Karen was as tough as any artist with their vision. Occasionally she had to take a lot of contempt from artists and talented people, but it didn’t stop her thinking of what they did as rubbish. But the abortion, used by most of her friends as a means of contraception, seemed to smash her.
I was waiting at her flat when she returned, ashen and unable to stand. For two days she lay on the sofa wrapped in a dressing gown. I knew she was ill because she didn’t smoke or drink. I was blamed, but I sat it out with her, looking out of the window when I could, until she stood up and began to scream, telling me that I hadn’t grasped what this meant to her.

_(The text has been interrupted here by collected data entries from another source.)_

lemma bilin_op_simps:
  fixes sA :: "'k::field \<Rightarrow> 'a::ab_group_add \<Rightarrow> 'a"
  assumes "bilin_op sA m"
  shows "m (x + y) z = m x z + m y z" "m x (y + z) = m x y + m x z"
    "m (sA c x) y = sA c (m x y)" "m x (sA c y) = sA c (m x y)"
    "m 0 y = 0" "m x 0 = 0"
proof -
  have left: "module_hom sA sA (\<lambda>x. m x y)" and right: "module_hom sA sA (m x)" for x y
    using assms by (simp_all add: bilin_op_def module_hom_iff_linear)
  show "m (x + y) z = m x z + m y z" "m (sA c x) y = sA c (m x y)" "m 0 y = 0"
    by (rule module_hom.add[OF left] module_hom.scale[OF left] module_hom.zero[OF left])+
  show "m x (y + z) = m x y + m x z" "m x (sA c y) = sA c (m x y)" "m x 0 = 0"
    by (rule module_hom.add[OF right] module_hom.scale[OF right] module_hom.zero[OF right])+
qed

lemma lin_rep_map_simps:
  fixes sV :: "'k::field \<Rightarrow> 'v::ab_group_add \<Rightarrow> 'v"
  assumes "lin_rep_map sA sV f"
  shows "f (x + y) v = f x v + f y v" "f x (v + w) = f x v + f x w"
    "f (sA c x) v = sV c (f x v)" "f x (sV c v) = sV c (f x v)"
    "f 0 v = 0" "f x 0 = 0"
proof -
  have left: "module_hom sA sV (\<lambda>x. f x v)" and right: "module_hom sV sV (f x)" for x v
    using assms by (simp_all add: lin_rep_map_def module_hom_iff_linear)
  show "f (x + y) v = f x v + f y v" "f (sA c x) v = sV c (f x v)" "f 0 v = 0"
    by (rule module_hom.add[OF left] module_hom.scale[OF left] module_hom.zero[OF left])+
  show "f x (v + w) = f x v + f x w" "f x (sV c v) = sV c (f x v)" "f x 0 = 0"
    by (rule module_hom.add[OF right] module_hom.scale[OF right] module_hom.zero[OF right])+
qed

locale bilinear_rep_setting =
  A: vector_space sA + V: finite_dimensional_vector_space sV B
  for sA :: "'k::field \<Rightarrow> 'a::ab_group_add \<Rightarrow> 'a" and sV :: "'k \<Rightarrow> 'v::ab_group_add \<Rightarrow> 'v"
    and B :: "'v set" +
  fixes s p :: "'a \<Rightarrow> 'a \<Rightarrow> 'a" and l1 r1 l2 r2 :: "'a \<Rightarrow> 'v \<Rightarrow> 'v" and T :: "'v \<Rightarrow> 'a"
  assumes bilin_s: "bilin_op sA s" and bilin_p: "bilin_op sA p"
    and rep_l1: "lin_rep_map sA sV l1" and rep_r1: "lin_rep_map sA sV r1"
    and rep_l2: "lin_rep_map sA sV l2" and rep_r2: "lin_rep_map sA sV r2"
    and linear_T: "Vector_Spaces.linear sV sA T"
begin

lemma T_module_hom: "module_hom sV sA T"
  using linear_T by (simp add: module_hom_iff_linear)

lemmas T_simps = module_hom.add[OF T_module_hom] module_hom.scale[OF T_module_hom]
  module_hom.zero[OF T_module_hom] module_hom.diff[OF T_module_hom]

lemmas linearity_simps = bilin_op_simps[OF bilin_s] bilin_op_simps[OF bilin_p]
  lin_rep_map_simps[OF rep_l1] lin_rep_map_simps[OF rep_r1]
  lin_rep_map_simps[OF rep_l2] lin_rep_map_simps[OF rep_r2] T_simps

definition linear_functional :: "('v \<Rightarrow> 'k) \<Rightarrow> bool" where
  "linear_functional \<phi> \<longleftrightarrow> (\<forall>v w. \<phi> (v + w) = \<phi> v + \<phi> w) \<and> (\<forall>c v. \<phi> (sV c v) = c * \<phi> v)"

lemma linear_functional_iff_linear: "linear_functional \<phi> \<longleftrightarrow> Vector_Spaces.linear sV (*) \<phi>"
proof -
  have "vector_space ((*) :: 'k \<Rightarrow> 'k \<Rightarrow> 'k)"
    by unfold_locales (auto simp: algebra_simps)
  then show ?thesis
    unfolding Vector_Spaces.linear_iff linear_functional_def using V.vector_space_axioms by auto
qed

lemma linear_functional_zero [simp]: "linear_functional (\<lambda>v. 0)" "linear_functional 0"
  unfolding linear_functional_def by simp_all

lemma linear_functional_add [simp]:
  "linear_functional \<phi> \<Longrightarrow> linear_functional \<psi> \<Longrightarrow> linear_functional (\<phi> + \<psi>)"
  unfolding linear_functional_def by (simp add: algebra_simps)

lemma linear_functional_uminus [simp]: "linear_functional \<phi> \<Longrightarrow> linear_functional (- \<phi>)"
  unfolding linear_functional_def by (simp add: algebra_simps)

lemma linear_functional_sum_scale:
  assumes "linear_functional \<phi>" and "finite X"
  shows "\<phi> (\<Sum>b\<in>X. sV (c b) b) = (\<Sum>b\<in>X. c b * \<phi> b)"
  using assms(2)
proof (induction X rule: finite_induct)
  case empty
  have "\<phi> (sV 0 0) = 0 * \<phi> 0" using assms(1) unfolding linear_functional_def by blast
  then show ?case by simp
next
  case (insert x X)
  then show ?case using assms(1) unfolding linear_functional_def by simp
qed

abbreviation coord :: "'v \<Rightarrow> 'v \<Rightarrow> 'k" where
  "coord b \<equiv> dual_basis_vec sV B b"

lemma coord_add [simp]: "coord b (v + w) = coord b v + coord b w"
  unfolding dual_basis_vec_def
  using V.representation_add[OF V.independent_Basis] V.span_Basis by auto

lemma coord_scale [simp]: "coord b (sV c v) = c * coord b v"
  unfolding dual_basis_vec_def
  using V.representation_scale[OF V.independent_Basis] V.span_Basis by auto

lemma coord_zero [simp]: "coord b 0 = 0"
  unfolding dual_basis_vec_def by (simp add: V.representation_zero)

lemma linear_functional_coord [simp]: "linear_functional (coord b)"
  unfolding linear_functional_def by simp
lemma tmul3_collapse:
  "tmul3 X Y p q s = (\<Sum>a\<in>UNIV. \<Sum>b\<in>UNIV. \<Sum>c\<in>UNIV.
     X a b c * qb_ldiv_sign a p * qb_ldiv_sign b q * qb_ldiv_sign c s
       * Y (qb_ldiv a p) (qb_ldiv b q) (qb_ldiv c s))"
proof -
  have "(\<Sum>d\<in>UNIV. \<Sum>e\<in>UNIV. \<Sum>f\<in>UNIV. X a b c * Y d e f * qc a d p * qc b e q * qc c f s)
      = X a b c * qb_ldiv_sign a p * qb_ldiv_sign b q * qb_ldiv_sign c s
          * Y (qb_ldiv a p) (qb_ldiv b q) (qb_ldiv c s)" for a b c
  proof -
    have "(\<Sum>d\<in>UNIV. \<Sum>e\<in>UNIV. \<Sum>f\<in>UNIV. X a b c * Y d e f * qc a d p * qc b e q * qc c f s)
        = (\<Sum>d\<in>UNIV. qc a d p * (\<Sum>e\<in>UNIV. qc b e q * (\<Sum>f\<in>UNIV. qc c f s * (X a b c * Y d e f))))"
      by (simp add: sum_distrib_left mult_ac)
    also have "\<dots> = qb_ldiv_sign a p * (qb_ldiv_sign b q * (qb_ldiv_sign c s
                      * (X a b c * Y (qb_ldiv a p) (qb_ldiv b q) (qb_ldiv c s))))"
      by (simp only: sum_qc_collapse)
    finally show ?thesis by (simp add: mult_ac)
  qed
  then show ?thesis unfolding tmul3_def by simp
qed

lemma rmat_simps:
  "rmat a b c E1 q = 0" "rmat a b c p E1 = 0"
  "rmat a b c Ei Ei = 0" "rmat a b c Ej Ej = 0" "rmat a b c Ek Ek = 0"
  "rmat a b c Ei Ej = a" "rmat a b c Ei Ek = b" "rmat a b c Ej Ek = c"
  "rmat a b c Ej Ei = - a" "rmat a b c Ek Ei = - b" "rmat a b c Ek Ej = - c"
  by (simp_all add: rmat_def wedge_def tens_def bas_def)
(* Let $q$ be real with $0<q<1$ and consider the limit $q\to1-0$. (i) If $\mathbf{k}$ is an admissible index, then $\lim_{q \to 1-0}Z_{q}(g_{\mathbf{k}})=\zeta(\mathbf{k})$. (ii) For any $w \in \mathfrak{n}$, $\lim_{q \to 1-0}Z_{q}(w)=0$.
   Context: Indices: an index is a finite (possibly empty) tuple $\mathbf k=(k_1,\dots,k_r)$ of positive integers; admissible if empty or $k_r\ge2$. For admissible non-empty $\mathbf k$, $\zeta(\mathbf k)=\sum_{0<m_1<\cdots<m_r}m_1^{-k_1}\cdots m_r^{-k_r}$, and $\zeta(\varnothing)=1$. Let $\mathcal{C}=\mathbb{Q}[\hbar]$ ($\hbar$ formal), $\mathfrak{H}=\mathcal{C}\langle a,b\rangle$. For $k\ge1$, $g_k=ba^k$; $g_{\mathbf k}=g_{k_1}\cdots g_{k_r}$, $g_\varnothing=1$. $A=\{\hbar b\}\cup\{ba^k\mid k\ge1\}$, $\mathcal{C}\langle A\rangle$ the $\mathcal{C}$-subalgebra generated by $1$ and $A$, $\mathfrak z$ the $\mathcal C$-span of $A$, $\widehat{\mathfrak H^0}=\mathcal C+\sum_{k\ge1}\mathcal C\langle A\rangle g_k$. For $0<q<1$, $\mathbb{C}$ is a $\mathcal{C}$-module with $\hbar$ acting by $1-q$; $[m]=(1-q^m)/(1-q)$; $F_q(m;\cdot):\mathfrak{z}\to\mathbb{C}$ is $\mathcal{C}$-linear with $F_q(m;\hbar b)=1-q$, $F_q(m;g_k)=q^{km}/[m]^k$; $Z_{q,M}$ is $\mathcal{C}$-linear on $\mathcal C\langle A\rangle$ with $Z_{q,M}(1)=1$, $Z_{q,M}(u_1\cdots u_r)=\sum_{0<m_1<\cdots<m_r<M}\prod_i F_q(m_i;u_i)$ ($u_i\in A$); $Z_q(w)=\lim_{M\to\infty}Z_{q,M}(w)$ for $w\in\widehat{\mathfrak H^0}$. Let $\mathfrak n_0$ be the $\mathcal C$-span of the elements $(\hbar b)^{\alpha_1}g_{\beta_1+1}\cdots(\hbar b)^{\alpha_r}g_{\beta_r+1}$ with $r\ge1$, $\alpha_i,\beta_i\ge0$, such that $\alpha_s\ge1$ and $\beta_t\ge1$ for some $1\le s\le t\le r$; and $\mathfrak n=\mathfrak n_0+\hbar\widehat{\mathfrak H^0}$ (where $\hbar$ acts on values as $1-q$). *)

theory Defs
  imports Complex_Main "HOL-Computational_Algebra.Polynomial"
begin
lemma finite_net_pointwise:
  fixes f :: "'a \<Rightarrow> 'b \<Rightarrow> 'c::metric_space"
  assumes "finite P" "compact Z" "e > 0" and into: "\<And>x c. x \<in> S \<Longrightarrow> c \<in> P \<Longrightarrow> f x c \<in> Z"
  obtains R where "finite R" "R \<subseteq> S" "\<And>x. x \<in> S \<Longrightarrow> \<exists>y\<in>R. \<forall>c\<in>P. dist (f x c) (f y c) < e"
proof -
  have "Z \<subseteq> (\<Union>z\<in>Z. ball z (e/2))" using \<open>e > 0\<close> by auto
  then obtain A where A: "finite A" "Z \<subseteq> (\<Union>a\<in>A. ball a (e/2))"
    by (rule compactE_image[OF \<open>compact Z\<close> open_ball]) blast
  \<comment> \<open>Points with the same label \<open>sig\<close> are \<open>e\<close>-close on \<open>P\<close>, and there are finitely many labels.\<close>
  define sig where "sig x = (\<lambda>c\<in>P. SOME a. a \<in> A \<and> f x c \<in> ball a (e/2))" for x
  have sig: "sig x c \<in> A \<and> f x c \<in> ball (sig x c) (e/2)" if "x \<in> S" "c \<in> P" for x c
  proof -
    have "\<exists>a. a \<in> A \<and> f x c \<in> ball a (e/2)" using A(2) into[OF that] by blast
    from someI_ex[OF this] show ?thesis using that(2) by (simp add: sig_def)
  qed
  have "sig ` S \<subseteq> (\<Pi>\<^sub>E c\<in>P. A)" using sig by (auto simp: sig_def restrict_PiE_iff)
  then have fin: "finite (sig ` S)" by (rule finite_subset) (simp add: finite_PiE assms(1) A(1))
  show thesis
  proof
    show "finite (inv_into S sig ` sig ` S)" using fin by simp
    show "inv_into S sig ` sig ` S \<subseteq> S" by (auto intro: inv_into_into)
  next
    fix x assume x: "x \<in> S"
    define y where "y = inv_into S sig (sig x)"
    have y: "y \<in> S" "sig y = sig x" using x by (auto simp: y_def inv_into_into f_inv_into_f)
    have "dist (f x c) (f y c) < e" if "c \<in> P" for c
    proof (rule dist_triangle_half_l)
      show "dist (f x c) (sig x c) < e/2" "dist (f y c) (sig x c) < e/2"
        using sig[OF x that] sig[OF y(1) that] y(2) by (auto simp: dist_commute)
    qed
    then show "\<exists>y\<in>inv_into S sig ` sig ` S. \<forall>c\<in>P. dist (f x c) (f y c) < e"
      using x by (auto simp: y_def)
  qed
qed

definition perp :: "('a \<Rightarrow> 'a \<Rightarrow> complex) \<Rightarrow> 'a set \<Rightarrow> 'a set" where
  "perp N S = {x. \<forall>g\<in>S. N x g = 1}"

definition isotropic :: "('a \<Rightarrow> 'a \<Rightarrow> complex) \<Rightarrow> 'a set \<Rightarrow> bool" where
  "isotropic N S \<longleftrightarrow> S \<subseteq> perp N S"

locale symplectic_self_dual =
  fixes N :: "'a::{topological_group_add, ab_group_add} \<Rightarrow> 'a \<Rightarrow> complex"
  assumes symplectic: "symplectic_self_duality N"
begin

lemma homeomorphic: "homeomorphic_map euclidean dual_topology N"
  using symplectic by (simp add: symplectic_self_duality_def)

lemma character: "character (N x)"
proof -
  have "N x \<in> topspace dual_topology"
    using homeomorphic_imp_surjective_map[OF homeomorphic] by auto
  then show ?thesis by (simp add: dual_topology_def pontryagin_dual_def)
qed

lemma norm_eq_1: "norm (N x g) = 1"
  using character by (simp add: character_def)

lemma add_left: "N (x + y) g = N x g * N y g"
  using symplectic by (simp add: symplectic_self_duality_def)

lemma alternating: "N x x = 1"
  using symplectic by (simp add: symplectic_self_duality_def)

lemma swap: "N y x = cnj (N x y)"
proof (rule cnj_eq_if_unimodular_mult_eq_1[OF norm_eq_1])
  have "N (x + y) (x + y) = N x x * N x y * (N y x * N y y)"
    using character[of "x + y"] by (simp add: character_def add_left)
  then show "N x y * N y x = 1" by (simp add: alternating)
qed

lemma open_maps_into:
  assumes "compact C" "open U"
  shows "open {x. N x ` C \<subseteq> U}"
proof -
  let ?T = "{f::'a \<Rightarrow> complex. f ` C \<subseteq> U}"
  have "openin (topology_generated_by {{f. f ` K \<subseteq> U} | K U. compact K \<and> open U}) ?T"
    by (rule topology_generated_by_Basis) (use assms in blast)
  then have "openin dual_topology (?T \<inter> pontryagin_dual)"
    unfolding dual_topology_def by (auto simp: openin_subtopology)
  then have "openin euclidean {x \<in> topspace euclidean. N x \<in> ?T \<inter> pontryagin_dual}"
    by (rule openin_continuous_map_preimage[OF homeomorphic_imp_continuous_map[OF homeomorphic]])
  moreover have "{x \<in> topspace euclidean. N x \<in> ?T \<inter> pontryagin_dual} = {x. N x ` C \<subseteq> U}"
    using character by (auto simp: pontryagin_dual_def)
  ultimately show ?thesis by simp
qed

lemma character_left: "character (\<lambda>x. N x g)"
  unfolding character_def
proof (intro conjI allI)
  have "open ((\<lambda>x. N x g) -` U)" if "open U" for U
    using open_maps_into[OF compact_sing that, of g] by (simp add: vimage_def)
  then show "continuous_on UNIV (\<lambda>x. N x g)" by (simp add: continuous_on_open_vimage)
qed (simp_all add: norm_eq_1 add_left)

lemma add_subgroup_perp: "add_subgroup (perp N S)"
  using character_zero[OF character_left] character_minus[OF character_left]
  unfolding add_subgroup_def perp_def by (simp add: add_left)

lemma closed_perp: "closed (perp N S)"
proof -
  have "closed {x. N x g = 1}" for g
    using character_left[of g] by (intro closed_Collect_eq) (auto simp: character_def)
  moreover have "perp N S = (\<Inter>g\<in>S. {x. N x g = 1})" by (auto simp: perp_def)
  ultimately show ?thesis by auto
qed

lemma open_perp_compact_subgroup:
  assumes "add_subgroup H" "compact H"
  shows "open (perp N H)"
proof -
  have "x \<in> perp N H" if x: "N x ` H \<subseteq> ball 1 1" for x
    unfolding perp_def
  proof (intro CollectI ballI unit_circle_no_small_subgroups[OF norm_eq_1])
    fix h and n :: nat assume "h \<in> H"
    then have "(\<Sum>i<n. h) \<in> H" by (rule add_subgroup_sum[OF assms(1)])
    then have "N x (\<Sum>i<n. h) \<in> ball 1 1" using x by blast
    then show "dist (N x h ^ n) 1 < 1"
      by (simp add: character_sum[OF character] dist_commute)
  qed
  then have "perp N H = {x. N x ` H \<subseteq> ball 1 1}" by (auto simp: perp_def)
  then show ?thesis using open_maps_into[OF assms(2) open_ball] by simp
qed

text \<open>Continuity of the inverse of \<open>N\<close> at the trivial character, spelled out in the
  compact-open topology.\<close>

lemma near_trivial_on_compact_imp_mem:
  assumes "open K" "0 \<in> K"
  obtains C e where "compact C" "e > 0" "\<And>x. N x ` C \<subseteq> ball 1 e \<Longrightarrow> x \<in> K"
proof -
  define \<B> :: "('a \<Rightarrow> complex) set set" where
    "\<B> = {{f. f ` C \<subseteq> U} | C U. compact C \<and> open U}"
  have "openin dual_topology (N ` K)"
    using homeomorphic_map_openness[OF homeomorphic] assms(1) by simp
  then obtain T where "openin (topology_generated_by \<B>) T" and K: "N ` K = T \<inter> pontryagin_dual"
    unfolding dual_topology_def openin_subtopology \<B>_def by blast
  then have T: "generate_topology_on \<B> T" by (simp add: openin_topology_generated_by_iff)
  have "N 0 \<in> T" using imageI[OF assms(2), of N] unfolding K by blast
  then have "\<exists>F. finite F \<and> F \<subseteq> \<B> \<and> N 0 \<in> \<Inter>F \<and> \<Inter>F \<subseteq> T"
    by (rule generate_topology_on_finite_Inter_nbhd[OF T])
  then obtain F where F: "finite F" "F \<subseteq> \<B>" "N 0 \<in> \<Inter>F" "\<Inter>F \<subseteq> T" by blast
  have "\<forall>s\<in>F. \<exists>p. s = {f. f ` fst p \<subseteq> snd p} \<and> compact (fst p) \<and> open (snd p)"
    using F(2) by (auto simp: \<B>_def)
  then obtain p where p: "\<forall>s\<in>F. s = {f. f ` fst (p s) \<subseteq> snd (p s)} \<and> compact (fst (p s)) \<and> open (snd (p s))"
    by (metis bchoice)
  \<comment> \<open>A constraint with empty compact part holds for every map, and its open part need not contain 1.\<close>
  define V where "V = (\<Inter>s\<in>{s\<in>F. fst (p s) \<noteq> {}}. snd (p s))"
  have "1 \<in> snd (p s)" if "s \<in> F" "c \<in> fst (p s)" for s c
  proof -
    have "N 0 ` fst (p s) \<subseteq> snd (p s)" using F(3) p that(1) by blast
    then show ?thesis using that(2) character_zero[OF character_left, of c] by auto
  qed
  then have "1 \<in> V" unfolding V_def by blast
  moreover have "open V" unfolding V_def using F(1) p by (intro open_INT) auto
  ultimately obtain e where e: "e > 0" "ball 1 e \<subseteq> V" by (meson open_contains_ball_eq)
  show thesis
  proof
    show "compact (\<Union>s\<in>F. fst (p s))" using F(1) p by (intro compact_UN) auto
    fix x assume x: "N x ` (\<Union>s\<in>F. fst (p s)) \<subseteq> ball 1 e"
    have "N x ` fst (p s) \<subseteq> snd (p s)" if "s \<in> F" for s
    proof (cases "fst (p s) = {}")
      case False
      then have "ball 1 e \<subseteq> snd (p s)" using e(2) that by (auto simp: V_def)
      then show ?thesis using x that by blast
    qed simp
    then have "N x \<in> \<Inter>F" using p by blast
    then have "N x \<in> T \<inter> pontryagin_dual" using F(4) character by (auto simp: pontryagin_dual_def)
    then show "x \<in> K"
      using K homeomorphic_imp_injective_map[OF homeomorphic] by (auto dest: injD)
  qed (use e(1) in simp)
qed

“It was my only chance to have a child! Suppose I don’t meet anyone else! Suppose I have to go it alone! And don’t you realise I’ll have to live with the murder of this child for the rest of my life?”
I was too immature to understand her. From my point of view, she was in her mid-twenties and had plenty of time to breed. I had taken it for granted that for her sex was a business transaction, or a way of spending time with her superiors. It hadn’t occurred to me to think about children. As far as I was concerned I was still recovering from my childhood, and thought you might as well call adults recovering children.
She went on, “The other day I thought: he only likes me because I’m silly, a kind of entertainment. Why would a man want that from a woman? Why were you with me?”
“It never occurred to me not to be with you. We always had a nice time.”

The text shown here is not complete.